ParallelVector[T](size_t capacity) 构建ParallelVector，capacity为点数组的初始容量大小
operator[](i: size_t)-> T：下标为i的数据
begin()-> cython.pointer(T)：ParallelVector的起始指针
end()-> cython.pointer(T)：ParallelVector的结束指针。
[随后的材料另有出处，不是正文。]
text \<open>
Recurrent states of either chain are the stable configurations reachable from the maximal stable
one, \<open>deg - 1\<close>. Every configuration reachable from it dominates the in-degrees of an orientation
rooted at the sink, acyclic in the abelian model: at \<open>deg - 1\<close> orient each edge towards the sink
along breadth-first distances; adding grains keeps the domination, and firing a set of edges at
\<open>i\<close> is mirrored by turning those edges away from \<open>i\<close>, which keeps acyclicity when all edges of
\<open>i\<close> fire. For a stable configuration the orientation is sink-rooted, since another root would
have in-degree equal to its degree.

Conversely, by the abelian property it suffices to topple some configuration above \<open>deg - 1\<close>
down to the in-degree vector of a sink-rooted orientation \<open>h\<close>. In the stochastic model, process
the vertices by decreasing distance to the sink, each one first passing its excess grains towards
the sink and then firing all its edges except the in-edges from processed vertices. In the abelian
model, with \<open>h\<close> acyclic, start from \<open>indeg h + L r\<close> for a potential \<open>r\<close> that decreases steeply
along the arcs of \<open>h\<close>, and repeatedly topple a vertex of maximal remaining count whose
out-neighbours all have smaller counts.

The in-degrees of a sink-rooted orientation on \<open>[n]\<close> always sum to \<open>|E| - deg 0\<close>, which gives
minimality. If two orientations with equal in-degrees disagree, the disagreeing edges contain a
cycle of the first, so an acyclic orientation is determined by its in-degrees.
\<close>

section \<open>Multigraphs, configurations and topplings\<close>

lemma sum_indicator_card: "finite A \<Longrightarrow> (\<Sum>e\<in>A. if P e then (1::int) else 0) = int (card {e\<in>A. P e})"
  by (simp add: sum.If_cases Int_def)

lemma config_outside: "is_config n c \<Longrightarrow> j \<notin> {1..n} \<Longrightarrow> c j = 0"
  unfolding is_config_def by (metis atLeastAtMost_iff leI less_one)

lemma config_eqI: "is_config n c \<Longrightarrow> is_config n d \<Longrightarrow> (\<And>j. j \<in> {1..n} \<Longrightarrow> c j = d j) \<Longrightarrow> c = d"
  by (metis config_outside ext)

lemma send_along_config: "is_config n (send_along n ep i S q)"
  unfolding is_config_def send_along_def by auto

lemma send_along_other:
  "j \<in> {1..n} \<Longrightarrow> j \<noteq> i \<Longrightarrow> send_along n ep i S q j = q j + card {e \<in> S. other ep e i = j}"
  unfolding send_along_def by auto

lemma send_along_ge: "j \<noteq> i \<Longrightarrow> j \<in> {1..n} \<Longrightarrow> q j \<le> send_along n ep i S q j"
  unfolding send_along_def by auto

lemma send_along_add:
  assumes "is_config n p" "card S \<le> q i"
  shows "send_along n ep i S (\<lambda>j. q j + p j) = (\<lambda>j. send_along n ep i S q j + p j)"
  using assms unfolding send_along_def is_config_def by (auto simp: fun_eq_iff)

lemma send_along_commute:
  assumes "i \<noteq> k" "card Si \<le> q i" "card Sk \<le> q k"
  shows "send_along n ep i Si (send_along n ep k Sk q) = send_along n ep k Sk (send_along n ep i Si q)"
  using assms unfolding send_along_def by (auto simp: fun_eq_iff)

locale sandpile_graph =
  fixes n :: nat and E :: "'e set" and ep :: "'e \<Rightarrow> nat \<times> nat"
  assumes valid: "valid_graph n E ep"
begin

lemma finite_edges: "finite E"
  using valid unfolding valid_graph_def by blast

lemma edge_endpoints: "e \<in> E \<Longrightarrow> fst (ep e) \<le> n \<and> snd (ep e) \<le> n \<and> fst (ep e) \<noteq> snd (ep e)"
  using valid unfolding valid_graph_def by blast

lemma incident_subset: "incident E ep i \<subseteq> E"
  unfolding incident_def by auto

lemma finite_incident: "finite (incident E ep i)"
  using finite_edges incident_subset finite_subset by blast

lemma card_le_deg: "S \<subseteq> incident E ep i \<Longrightarrow> card S \<le> deg E ep i"
  unfolding deg_def by (rule card_mono[OF finite_incident])

lemma deg_le_card_edges: "deg E ep i \<le> card E"
  unfolding deg_def using card_mono[OF finite_edges incident_subset] .

context
  fixes e i assumes e: "e \<in> incident E ep i"
begin

lemma other_ne: "other ep e i \<noteq> i"
  using e edge_endpoints[of e] unfolding incident_def other_def by auto

lemma other_le: "other ep e i \<le> n"
  using e edge_endpoints[of e] unfolding incident_def other_def by auto

lemma incident_le: "i \<le> n"
  using e edge_endpoints[of e] unfolding incident_def by auto

lemma incident_other: "e \<in> incident E ep (other ep e i)"
  using e unfolding incident_def other_def by auto

lemma other_other: "other ep e (other ep e i) = i"
  using e edge_endpoints[of e] unfolding incident_def other_def by auto

end

lemma other_self_empty: "S \<subseteq> incident E ep i \<Longrightarrow> {e \<in> S. other ep e i = i} = {}"
  using other_ne by blast

lemma send_along_self:
  "i \<in> {1..n} \<Longrightarrow> S \<subseteq> incident E ep i \<Longrightarrow> send_along n ep i S q i = q i - card S"
proof -
  assume "i \<in> {1..n}" "S \<subseteq> incident E ep i"
  moreover have "card {e \<in> S. other ep e i = i} = 0"
    using other_self_empty[OF \<open>S \<subseteq> incident E ep i\<close>] by (metis card.empty)
  ultimately show ?thesis unfolding send_along_def by simp
qed

lemma edges_between_sym:
  "j \<noteq> i \<Longrightarrow> {e \<in> incident E ep i. other ep e i = j} = {e \<in> incident E ep j. other ep e j = i}"
  using edge_endpoints unfolding incident_def other_def by auto

definition dist :: "nat \<Rightarrow> nat" where
  "dist v = (LEAST k. (0, v) \<in> adj_rel E ep ^^ k)"

lemma dist_zero: "dist 0 = 0"
  unfolding dist_def by (rule Least_eq_0) simp

lemma dist_path: "v \<le> n \<Longrightarrow> (0, v) \<in> adj_rel E ep ^^ dist v"
proof -
  assume "v \<le> n"
  then have "(0, v) \<in> (adj_rel E ep)\<^sup>*" using valid unfolding valid_graph_def by blast
  then obtain k where "(0, v) \<in> adj_rel E ep ^^ k" using rtrancl_power by blast
  then show ?thesis unfolding dist_def by (rule LeastI)
qed

lemma parent_edge:
  assumes v: "v \<in> {1..n}"
  obtains e where "e \<in> incident E ep v" "dist (other ep e v) < dist v"
proof -
  have path: "(0, v) \<in> adj_rel E ep ^^ dist v" using dist_path v by auto
  then obtain m where m: "dist v = Suc m" using v by (cases "dist v") auto
  then obtain p where p: "(0, p) \<in> adj_rel E ep ^^ m" "(p, v) \<in> adj_rel E ep"
    using path by auto
  from p(2) obtain e where e: "e \<in> E" "ep e = (p, v) \<or> ep e = (v, p)"
    unfolding adj_rel_def by blast
  have "p \<noteq> v" using edge_endpoints[OF e(1)] e(2) by auto
  then have "e \<in> incident E ep v" "other ep e v = p"
    using e unfolding incident_def other_def by (cases "ep e"; auto)+
  moreover have "dist p \<le> m" unfolding dist_def using p(1) by (rule Least_le)
  ultimately show ?thesis using that m by simp
qed
(* Call a profinite term \<theta> a member of a regular language L recognised by F \<subseteq> [[A]]_Q
   when \<theta>_Q \<in> F. This does not depend on the recogniser: logical relations of partial
   surjections are again partial surjections, hence functional, so by the fundamental lemma
   \<theta> agrees with one actual term on any two finite sets Q, Q'. Membership therefore respects
   the Boolean operations, and \<theta> \<mapsto> {L. \<theta> member of L} maps the profinite terms onto the
   ultrafilters of Reg(A), with inverse U \<mapsto> (Q \<mapsto> the unique q with [[-]]_Q^-1(q) \<in> U); both
   directions are continuous. The profinite terms form a closed subspace of the product of the
   finite discrete spaces D_Q(A), hence a compact space, so each clopen is a finite union of
   basic clopens {\<theta>. \<theta>_Q = q}, i.e. the set of members of a regular language. *)

section \<open>The finite semantics\<close>

lemma finite_interp: "finite Q \<Longrightarrow> finite (interp Q A)"
proof (induction A)
  case TO
  then show ?case by simp
next
  case (TArr A B)
  have "interp Q (TArr A B) \<subseteq> (\<lambda>g. Fn (Abs_fset g)) ` Pow (interp Q A \<times> interp Q B)"
  proof
    fix x assume "x \<in> interp Q (TArr A B)"
    then obtain g where "x = Fn g" "fset g \<subseteq> interp Q A \<times> interp Q B" by auto
    then show "x \<in> (\<lambda>g. Fn (Abs_fset g)) ` Pow (interp Q A \<times> interp Q B)"
      by (intro image_eqI[of _ _ "fset g"]) (auto simp: fset_inverse)
  qed
  moreover have "finite (Pow (interp Q A \<times> interp Q B))"
    using TArr by simp
  ultimately show ?case
    by (meson finite_surj)
qed

definition tabulate :: "nat set \<Rightarrow> ty \<Rightarrow> (sem \<Rightarrow> sem) \<Rightarrow> sem" where
  "tabulate Q T \<phi> = Fn (Abs_fset ((\<lambda>x. (x, \<phi> x)) ` interp Q T))"

lemma eval_LAbs_tabulate: "eval Q \<rho> (LAbs T s) = tabulate Q T (\<lambda>x. eval Q (x # \<rho>) s)"
  by (simp add: tabulate_def)

lemma app_tabulate: "finite Q \<Longrightarrow> x \<in> interp Q T \<Longrightarrow> app (tabulate Q T \<phi>) x = \<phi> x"
  by (auto simp: tabulate_def Abs_fset_inverse finite_interp)

lemma tabulate_in_interp:
  "finite Q \<Longrightarrow> (\<And>x. x \<in> interp Q T \<Longrightarrow> \<phi> x \<in> interp Q U) \<Longrightarrow>
   tabulate Q T \<phi> \<in> interp Q (TArr T U)"
  by (auto simp: tabulate_def Abs_fset_inverse finite_interp)

lemma fset_graph_app:
  assumes "Fn G \<in> interp Q (TArr T U)"
  shows "fset G = (\<lambda>x. (x, app (Fn G) x)) ` interp Q T"
proof -
  have G: "fset G \<subseteq> interp Q T \<times> interp Q U" "\<forall>x\<in>interp Q T. \<exists>!y. (x, y) \<in> fset G"
    using assms by auto
  have app: "app (Fn G) x = y" if "(x, y) \<in> fset G" for x y
  proof -
    have "\<exists>!y. (x, y) \<in> fset G"
      using G that by blast
    with that show ?thesis
      by (simp add: the1_equality)
  qed
  show ?thesis
  proof
    show "fset G \<subseteq> (\<lambda>x. (x, app (Fn G) x)) ` interp Q T"
      using G(1) app by (auto simp: image_iff)
    show "(\<lambda>x. (x, app (Fn G) x)) ` interp Q T \<subseteq> fset G"
      using G(2) app by blast
  qed
qed

lemma app_in_interp:
  assumes g: "g \<in> interp Q (TArr T U)" and x: "x \<in> interp Q T"
  shows "app g x \<in> interp Q U"
proof -
  obtain G where G: "g = Fn G" "fset G \<subseteq> interp Q T \<times> interp Q U"
    using g by auto
  with g x fset_graph_app[of G Q T U] have "(x, app g x) \<in> fset G"
    by blast
  with G(2) show ?thesis
    by blast
qed

lemma interp_TArr_eqI:
  assumes "g \<in> interp Q (TArr T U)" "h \<in> interp Q (TArr T U)"
    and "\<And>x. x \<in> interp Q T \<Longrightarrow> app g x = app h x"
  shows "g = h"
proof -
  obtain G H where GH: "g = Fn G" "h = Fn H"
    using assms(1,2) by auto
  have "fset G = (\<lambda>x. (x, app g x)) ` interp Q T"
    using fset_graph_app[of G] assms(1) GH(1) by blast
  also have "\<dots> = (\<lambda>x. (x, app h x)) ` interp Q T"
    using assms(3) by (simp cong: image_cong)
  also have "\<dots> = fset H"
    using fset_graph_app[of H] assms(2) GH(2) by blast
  finally have "fset G = fset H" .
  with GH show ?thesis
    by (simp add: fset_inject)
qed

lemma interp_nonempty: "finite Q \<Longrightarrow> Q \<noteq> {} \<Longrightarrow> interp Q A \<noteq> {}"
proof (induction A)
  case TO
  then show ?case by simp
next
  case (TArr A B)
  then obtain w where "w \<in> interp Q B" by blast
  then show ?case
    using tabulate_in_interp[OF TArr.prems(1), of A "\<lambda>_. w"] by blast
qed

lemma eval_in_interp:
  "typing \<Gamma> M T \<Longrightarrow> finite Q \<Longrightarrow> length \<rho> = length \<Gamma> \<Longrightarrow>
   (\<forall>i<length \<Gamma>. \<rho> ! i \<in> interp Q (\<Gamma> ! i)) \<Longrightarrow> eval Q \<rho> M \<in> interp Q T"
proof (induction arbitrary: \<rho> rule: typing.induct)
  case (tvar i \<Gamma>)
  then show ?case by simp
next
  case (tapp \<Gamma> s T U t)
  then show ?case
    using app_in_interp by (metis eval.simps(2))
next
  case (tabs T \<Gamma> s U)
  show ?case
    unfolding eval_LAbs_tabulate
  proof (rule tabulate_in_interp[OF tabs.prems(1)])
    fix x assume "x \<in> interp Q T"
    with tabs.prems have "\<forall>i<length (T # \<Gamma>). (x # \<rho>) ! i \<in> interp Q ((T # \<Gamma>) ! i)"
      by (auto simp: less_Suc_eq_0_disj)
    with tabs.IH tabs.prems show "eval Q (x # \<rho>) s \<in> interp Q U"
      by simp
  qed
qed

section \<open>Logical relations\<close>

lemma lrel_subset_interp: "f \<subseteq> Q \<times> Q' \<Longrightarrow> lrel Q Q' f A \<subseteq> interp Q A \<times> interp Q' A"
  by (cases A) auto

lemma lrel_eval:
  "typing \<Gamma> M T \<Longrightarrow> finite Q \<Longrightarrow> finite Q' \<Longrightarrow> f \<subseteq> Q \<times> Q' \<Longrightarrow>
   length \<rho> = length \<Gamma> \<Longrightarrow> length \<rho>' = length \<Gamma> \<Longrightarrow>
   (\<forall>i<length \<Gamma>. (\<rho> ! i, \<rho>' ! i) \<in> lrel Q Q' f (\<Gamma> ! i)) \<Longrightarrow>
   (eval Q \<rho> M, eval Q' \<rho>' M) \<in> lrel Q Q' f T"
proof (induction arbitrary: \<rho> \<rho>' rule: typing.induct)
  case (tvar i \<Gamma>)
  then show ?case by simp
next
  case (tapp \<Gamma> s T U t)
  then have "(eval Q \<rho> s, eval Q' \<rho>' s) \<in> lrel Q Q' f (TArr T U)"
    "(eval Q \<rho> t, eval Q' \<rho>' t) \<in> lrel Q Q' f T" by blast+
  then show ?case by auto
next
  case (tabs T \<Gamma> s U)
  have ty: "typing \<Gamma> (LAbs T s) (TArr T U)"
    using tabs.hyps by (rule typing.tabs)
  have "\<forall>i<length \<Gamma>. \<rho> ! i \<in> interp Q (\<Gamma> ! i)" "\<forall>i<length \<Gamma>. \<rho>' ! i \<in> interp Q' (\<Gamma> ! i)"
    using tabs.prems(6) lrel_subset_interp[OF tabs.prems(3)] by blast+
  then have in_interp: "eval Q \<rho> (LAbs T s) \<in> interp Q (TArr T U)"
    "eval Q' \<rho>' (LAbs T s) \<in> interp Q' (TArr T U)"
    using eval_in_interp[OF ty] tabs.prems by auto
  have "(app (eval Q \<rho> (LAbs T s)) x, app (eval Q' \<rho>' (LAbs T s)) y) \<in> lrel Q Q' f U"
    if xy: "(x, y) \<in> lrel Q Q' f T" for x y
  proof -
    have "x \<in> interp Q T" "y \<in> interp Q' T"
      using lrel_subset_interp[OF tabs.prems(3)] xy by auto
    moreover have "\<forall>i<length (T # \<Gamma>). ((x # \<rho>) ! i, (y # \<rho>') ! i) \<in> lrel Q Q' f ((T # \<Gamma>) ! i)"
      using xy tabs.prems(6) by (auto simp: less_Suc_eq_0_disj)
    then have "(eval Q (x # \<rho>) s, eval Q' (y # \<rho>') s) \<in> lrel Q Q' f U"
      using tabs.IH tabs.prems by simp
    ultimately show ?thesis
      unfolding eval_LAbs_tabulate using app_tabulate tabs.prems(1,2) by simp
  qed
  with in_interp show ?case
    by auto
qed

lemma single_valued_lrel_TArr:
  assumes "Range (lrel Q Q' f A) = interp Q' A" and svB: "single_valued (lrel Q Q' f B)"
  shows "single_valued (lrel Q Q' f (TArr A B))"
proof (rule single_valuedI)
  fix g h h' assume gh: "(g, h) \<in> lrel Q Q' f (TArr A B)" and gh': "(g, h') \<in> lrel Q Q' f (TArr A B)"
  show "h = h'"
  proof (rule interp_TArr_eqI)
    show "h \<in> interp Q' (TArr A B)" "h' \<in> interp Q' (TArr A B)"
      using gh gh' by auto
    fix y assume "y \<in> interp Q' A"
    then obtain x where "(x, y) \<in> lrel Q Q' f A"
      using assms(1) by blast
    then have "(app g x, app h y) \<in> lrel Q Q' f B" "(app g x, app h' y) \<in> lrel Q Q' f B"
      using gh gh' by auto
    then show "app h y = app h' y"
      using svB by (auto dest: single_valuedD)
  qed
qed

lemma lrel_TArr_tabulate:
  assumes "finite Q" "f \<subseteq> Q \<times> Q'" "h \<in> interp Q' (TArr A B)"
    and \<phi>: "\<forall>x\<in>interp Q A. \<phi> x \<in> interp Q B \<and>
      (\<forall>y. (x, y) \<in> lrel Q Q' f A \<longrightarrow> (\<phi> x, app h y) \<in> lrel Q Q' f B)"
  shows "(tabulate Q A \<phi>, h) \<in> lrel Q Q' f (TArr A B)"
proof -
  have "tabulate Q A \<phi> \<in> interp Q (TArr A B)"
    using tabulate_in_interp[OF \<open>finite Q\<close>] \<phi> by blast
  moreover have "(app (tabulate Q A \<phi>) x, app h y) \<in> lrel Q Q' f B"
    if xy: "(x, y) \<in> lrel Q Q' f A" for x y
  proof -
    have "x \<in> interp Q A"
      using xy lrel_subset_interp[OF \<open>f \<subseteq> Q \<times> Q'\<close>] by blast
    with xy show ?thesis
      using \<phi> app_tabulate[OF \<open>finite Q\<close>] by simp
  qed
  ultimately show ?thesis
    using \<open>h \<in> interp Q' (TArr A B)\<close> by auto
qed

lemma lrel_TArr_pointwise:
  assumes f: "psurj Q Q' f" and "finite Q"
    and svA: "single_valued (lrel Q Q' f A)" and rangeB: "Range (lrel Q Q' f B) = interp Q' B"
    and h: "h \<in> interp Q' (TArr A B)" and x: "x \<in> interp Q A"
  shows "\<exists>z. z \<in> interp Q B \<and> (\<forall>y. (x, y) \<in> lrel Q Q' f A \<longrightarrow> (z, app h y) \<in> lrel Q Q' f B)"
proof (cases "x \<in> Domain (lrel Q Q' f A)")
  case True
  have sub: "f \<subseteq> Q \<times> Q'"
    using f by (simp add: psurj_def)
  from True obtain y where xy: "(x, y) \<in> lrel Q Q' f A" by blast
  then have "app h y \<in> interp Q' B"
    using app_in_interp h lrel_subset_interp[OF sub] by blast
  then obtain z where "(z, app h y) \<in> lrel Q Q' f B"
    using rangeB by blast
  moreover from this have "z \<in> interp Q B"
    using lrel_subset_interp[OF sub] by blast
  ultimately show ?thesis
    using xy svA by (auto dest: single_valuedD)
next
  case False
  \<comment> \<open>any value will do; if \<open>Q = {}\<close> then also \<open>Q' = {}\<close>, and \<open>h\<close> supplies one\<close>
  have "interp Q B \<noteq> {}"
  proof (cases "Q = {}")
    case True
    with f have "Q' = Q"
      by (auto simp: psurj_def)
    then show ?thesis
      using app_in_interp h x by blast
  qed (use interp_nonempty \<open>finite Q\<close> in blast)
  with False show ?thesis
    by blast
qed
begin和end的用法类似于vector容器的begin和end指针，可以使用这两个指针对数组进行顺序访问
Back()-> T：ParallelVector最后一个数据
Data()-> cython.pointer(T)：表示数组本身数据
Destroy()-> cython.void：清空ParallelVector数组内数据并删除数组
Size()-> size_t：表示ParallelVector中的数据个数
Resize(size: size_t)-> cython.void：更改ParallelVector为size大小，该size应大于等于更改前的大小且小于capacity
Clear()-> cython.void：清空ParallelVector内数据
ReAlloc(capacity: size_t)-> cython.void：给ParallelVector分配新的容量大小，若数组有数据则将数据迁移至新内存
Fill(elem: T)-> cython.void：为ParallelVector的全部数据赋值为elem
Append(elem: T, atomic: cython.bint = true)-> cython.void：向ParallelVector结尾添加一个数据
Swap(other: ParallelVector[T])-> cython.void：和其他的ParallelVector交换数据
Copy()-> ParallelVector[T]：复制当前的ParallelVector数据存至Copy数组中

自定义数据结构

Empty：内容为空的特殊数据类型。
EdgeUnit[EdgeData]：表示权值类型为EdgeData的边，用于解析输入文件，包含三个成员变量：
- src: size_t：边的起始点
- dst: size_t：边的终点
- edge_data: EdgeData：边的权值
AdjUnit[EdgeData]：表示权值类型为EdgeData的边，用于批处理计算过程中，包含两个成员变量：
- neighbour: size_t：边的邻居点
- edge_data: EdgeData：边的权值
AdjList[EdgeData]：权值类型为EdgeData的点的邻接表，常用于表示点的入边和出边集合，包含两个成员变量：
- begin()-> cython.pointer(AdjUnit[T])：列表的起始指针
- end()-> cython.pointer(AdjUnit[T])：列表的结束指针。
- operator[](i: size_t)-> AdjUnit[EdgeData]: 下标为i的数据

图类OlapBase

NumVertices()-> size_t：获取点数
NumEdges()-> size_t：获取边数
OutDegree(size_t vid)-> size_t：点vid的出度
InDegree(size_t vid)-> size_t：点vid的入度
AllocVertexArray[VertexData]() ->ParallelVector[VertexData]：分配一个类型为VertexData的数组，大小为点个数
AllocVertexSubset()-> ParallelBitset：分配一个ParallelBitset集合，用于表示所有点的状态是否激活
OutEdges(vid: size_t)-> AdjList[EdgeData]：获取点v的所有出边集合
InEdges(vid: size_t)-> AdjList[EdgeData]：获取点v的所有入边集合
Transpose()-> cython.void：对有向图进行图反转
LoadFromArray(edge_array: cython.p_char, input_vertices: size_t, input_edges: size_t, edge_direction_policy: EdgeDirectionPolicy)：从数组中加载图数据，包含四个参数，其含义分别表示：
- edge_array：将该数组中的数据读入图，一般情况下该数组包含多条边。
- input_vertices：指定数组读入图的点个数。
- input_edges：指定数组读入图的边的条数。
- edge_direction_policy：指定图为有向或无向，包含三种模式，分别为DUAL_DIRECTION、MAKE_SYMMETRIC以及INPUT_SYMMETRIC。对应的详细介绍见include/lgraph/olap_base.h文件的enum EdgeDirectionPolicy。
AcquireVertexLock(vid: size_t)-> cython.void：对点vid加锁，禁止其它线程对该锁对应的点数据进行访存
void ReleaseVertexLock(vid: size_t)-> cython.void：对点vid解锁，所有线程均可访存该锁对应的点数据

TuGraph提供了两个批处理操作来并行地进行以点为中心的批处理过程，在Python中与C++使用方法稍有不同。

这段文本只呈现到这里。